## Action item
Transcribe the listing word for word.

◆ ◆ ◆

lemma packing_weight_le:
  assumes "2 \<le> k" and boxes: "\<forall>R\<in>set L. unit_box R" and packing: "is_packing L pos"
    and below: "\<forall>i<length L. snd (snd (pos i)) + bhgt (L!i) \<le> H" and "0 \<le> H"
  shows "Wt k p s \<pi> L \<le> Tk k * H"
proof -
  define n l w h X Y Z where "n = length L" and "l i = blen (L!i)" and "w i = bwid (L!i)"
    and "h i = bhgt (L!i)" and "X i = fst (pos i)" and "Y i = fst (snd (pos i))"
    and "Z i = snd (snd (pos i))" for i
  define c where "c i = fk k (l i) * gfun p s \<pi> (w i)" for i
  have box: "0 \<le> l i \<and> l i \<le> 1 \<and> 0 \<le> w i \<and> w i \<le> 1 \<and> 0 \<le> h i" if "i < n" for i
    using boxes nth_mem[OF that[unfolded n_def]] unfolding l_def w_def h_def by blast
  have inside: "0 \<le> X i \<and> X i + l i \<le> 1 \<and> 0 \<le> Y i \<and> Y i + w i \<le> 1 \<and> 0 \<le> Z i \<and> Z i + h i \<le> H"
    if "i < n" for i
    using packing below that unfolding is_packing_def n_def X_def Y_def Z_def l_def w_def h_def by blast
  have separated: "X i + l i \<le> X j \<or> X j + l j \<le> X i \<or> Y i + w i \<le> Y j \<or> Y j + w j \<le> Y i \<or>
      Z i + h i \<le> Z j \<or> Z j + h j \<le> Z i" if "i < n" and "j < n" and "i \<noteq> j" for i j
    using packing that unfolding is_packing_def n_def X_def Y_def Z_def l_def w_def h_def by blast
  have layer: "(\<Sum>i\<in>{i\<in>{0..<n}. Z i < z \<and> z < Z i + h i}. c i) \<le> Tk k" for z
  proof -
    define J where "J = {i\<in>{0..<n}. Z i < z \<and> z < Z i + h i}"
    have "X i + l i \<le> X j \<or> X j + l j \<le> X i \<or> Y i + w i \<le> Y j \<or> Y j + w j \<le> Y i"
      if "i \<in> J" and "j \<in> J" and "i \<noteq> j" for i j
      using separated[of i j] that unfolding J_def by simp
    then have "(\<Sum>i\<in>J. c i) \<le> Tk k"
      unfolding c_def using box inside
      by (intro layer_weight_le_Tk[where X = X and Y = Y and l = l and w = w, OF \<open>2 \<le> k\<close>])
        (auto simp: J_def)
    then show ?thesis unfolding J_def .
  qed
  have "(\<Sum>i\<in>{0..<n}. c i * ((Z i + h i) - Z i)) \<le> Tk k * (H - 0)"
    using box inside layer fk_nonneg[OF \<open>2 \<le> k\<close>] gfun_nonneg \<open>0 \<le> H\<close>
    by (intro weighted_length_le_max_load) (auto simp: c_def)
  moreover have "Wt k p s \<pi> L = (\<Sum>i\<in>{0..<n}. c i * h i)"
    unfolding Wt_def sum_list_sum_nth n_def c_def l_def w_def h_def by simp
  ultimately show ?thesis by simp
qed

end

lemma stacked_packing:
  assumes "\<forall>R\<in>set L. unit_box R"
  shows "is_packing L (\<lambda>i. (0, 0, \<Sum>j<i. bhgt (L!j)))"
    and "\<forall>i<length L. (\<Sum>j<i. bhgt (L!j)) + bhgt (L!i) \<le> (\<Sum>j<length L. bhgt (L!j))"
proof -
  have h: "0 \<le> bhgt (L!j)" if "j < length L" for j using assms that by simp
  have below: "(\<Sum>j<i. bhgt (L!j)) + bhgt (L!i) \<le> (\<Sum>j<m. bhgt (L!j))" if "i < m" and "m \<le> length L" for i m
  proof -
    have "(\<Sum>j<i. bhgt (L!j)) + bhgt (L!i) = (\<Sum>j<Suc i. bhgt (L!j))" by simp
    also have "\<dots> \<le> (\<Sum>j<m. bhgt (L!j))" using that h by (intro sum_mono2) auto
    finally show ?thesis .
  qed
  show "\<forall>i<length L. (\<Sum>j<i. bhgt (L!j)) + bhgt (L!i) \<le> (\<Sum>j<length L. bhgt (L!j))"
    using below by simp
  have "0 \<le> (\<Sum>j<i. bhgt (L!j))" if "i \<le> length L" for i using h that by (intro sum_nonneg) auto
  moreover have "(\<Sum>j<i. bhgt (L!j)) + bhgt (L!i) \<le> (\<Sum>j<i'. bhgt (L!j))"
    if "i < length L" "i' < length L" "i < i'" for i i' using below that by simp
  ultimately show "is_packing L (\<lambda>i. (0, 0, \<Sum>j<i. bhgt (L!j)))"
    using assms unfolding is_packing_def by (auto simp: nat_neq_iff)
qed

◆ ◆ ◆

## Task response
lemma packing_weight_le:
  assumes "2 \<le> k" and boxes: "\<forall>R\<in>set L. unit_box R" and packing: "is_packing L pos"
    and below: "\<forall>i<length L. snd (snd (pos i)) + bhgt (L!i) \<le> H" and "0 \<le> H"
  shows "Wt k p s \<pi> L \<le> Tk k * H"
proof -
  define n l w h X Y Z where "n = length L" and "l i = blen (L!i)" and "w i = bwid (L!i)"
    and "h i = bhgt (L!i)" and "X i = fst (pos i)" and "Y i = fst (snd (pos i))"
    and "Z i = snd (snd (pos i))" for i
  define c where "c i = fk k (l i) * gfun p s \<pi> (w i)" for i
  have box: "0 \<le> l i \<and> l i \<le> 1 \<and> 0 \<le> w i \<and> w i \<le> 1 \<and> 0 \<le> h i" if "i < n" for i
    using boxes nth_mem[OF that[unfolded n_def]] unfolding l_def w_def h_def by blast
  have inside: "0 \<le> X i \<and> X i + l i \<le> 1 \<and> 0 \<le> Y i \<and> Y i + w i \<le> 1 \<and> 0 \<le> Z i \<and> Z i + h i \<le> H"
    if "i < n" for i
    using packing below that unfolding is_packing_def n_def X_def Y_def Z_def l_def w_def h_def by blast
  have separated: "X i + l i \<le> X j \<or> X j + l j \<le> X i \<or> Y i + w i \<le> Y j \<or> Y j + w j \<le> Y i \<or>
      Z i + h i \<le> Z j \<or> Z j + h j \<le> Z i" if "i < n" and "j < n" and "i \<noteq> j" for i j
    using packing that unfolding is_packing_def n_def X_def Y_def Z_def l_def w_def h_def by blast
  have layer: "(\<Sum>i\<in>{i\<in>{0..<n}. Z i < z \<and> z < Z i + h i}. c i) \<le> Tk k" for z
  proof -
    define J where "J = {i\<in>{0..<n}. Z i < z \<and> z < Z i + h i}"
    have "X i + l i \<le> X j \<or> X j + l j \<le> X i \<or> Y i + w i \<le> Y j \<or> Y j + w j \<le> Y i"
      if "i \<in> J" and "j \<in> J" and "i \<noteq> j" for i j
      using separated[of i j] that unfolding J_def by simp
    then have "(\<Sum>i\<in>J. c i) \<le> Tk k"
      unfolding c_def using box inside
      by (intro layer_weight_le_Tk[where X = X and Y = Y and l = l and w = w, OF \<open>2 \<le> k\<close>])
        (auto simp: J_def)
    then show ?thesis unfolding J_def .
  qed
  have "(\<Sum>i\<in>{0..<n}. c i * ((Z i + h i) - Z i)) \<le> Tk k * (H - 0)"
    using box inside layer fk_nonneg[OF \<open>2 \<le> k\<close>] gfun_nonneg \<open>0 \<le> H\<close>
    by (intro weighted_length_le_max_load) (auto simp: c_def)
  moreover have "Wt k p s \<pi> L = (\<Sum>i\<in>{0..<n}. c i * h i)"
    unfolding Wt_def sum_list_sum_nth n_def c_def l_def w_def h_def by simp
  ultimately show ?thesis by simp
qed

end

lemma stacked_packing:
  assumes "\<forall>R\<in>set L. unit_box R"
  shows "is_packing L (\<lambda>i. (0, 0, \<Sum>j<i. bhgt (L!j)))"
    and "\<forall>i<length L. (\<Sum>j<i. bhgt (L!j)) + bhgt (L!i) \<le> (\<Sum>j<length L. bhgt (L!j))"
proof -
  have h: "0 \<le> bhgt (L!j)" if "j < length L" for j using assms that by simp
  have below: "(\<Sum>j<i. bhgt (L!j)) + bhgt (L!i) \<le> (\<Sum>j<m. bhgt (L!j))" if "i < m" and "m \<le> length L" for i m
  proof -
    have "(\<Sum>j<i. bhgt (L!j)) + bhgt (L!i) = (\<Sum>j<Suc i. bhgt (L!j))" by simp
    also have "\<dots> \<le> (\<Sum>j<m. bhgt (L!j))" using that h by (intro sum_mono2) auto
    finally show ?thesis .
  qed
  show "\<forall>i<length L. (\<Sum>j<i. bhgt (L!j)) + bhgt (L!i) \<le> (\<Sum>j<length L. bhgt (L!j))"
    using below by simp
  have "0 \<le> (\<Sum>j<i. bhgt (L!j))" if "i \<le> length L" for i using h that by (intro sum_nonneg) auto
  moreover have "(\<Sum>j<i. bhgt (L!j)) + bhgt (L!i) \<le> (\<Sum>j<i'. bhgt (L!j))"
    if "i < length L" "i' < length L" "i < i'" for i i' using below that by simp
  ultimately show "is_packing L (\<lambda>i. (0, 0, \<Sum>j<i. bhgt (L!j)))"
    using assms unfolding is_packing_def by (auto simp: nat_neq_iff)
qed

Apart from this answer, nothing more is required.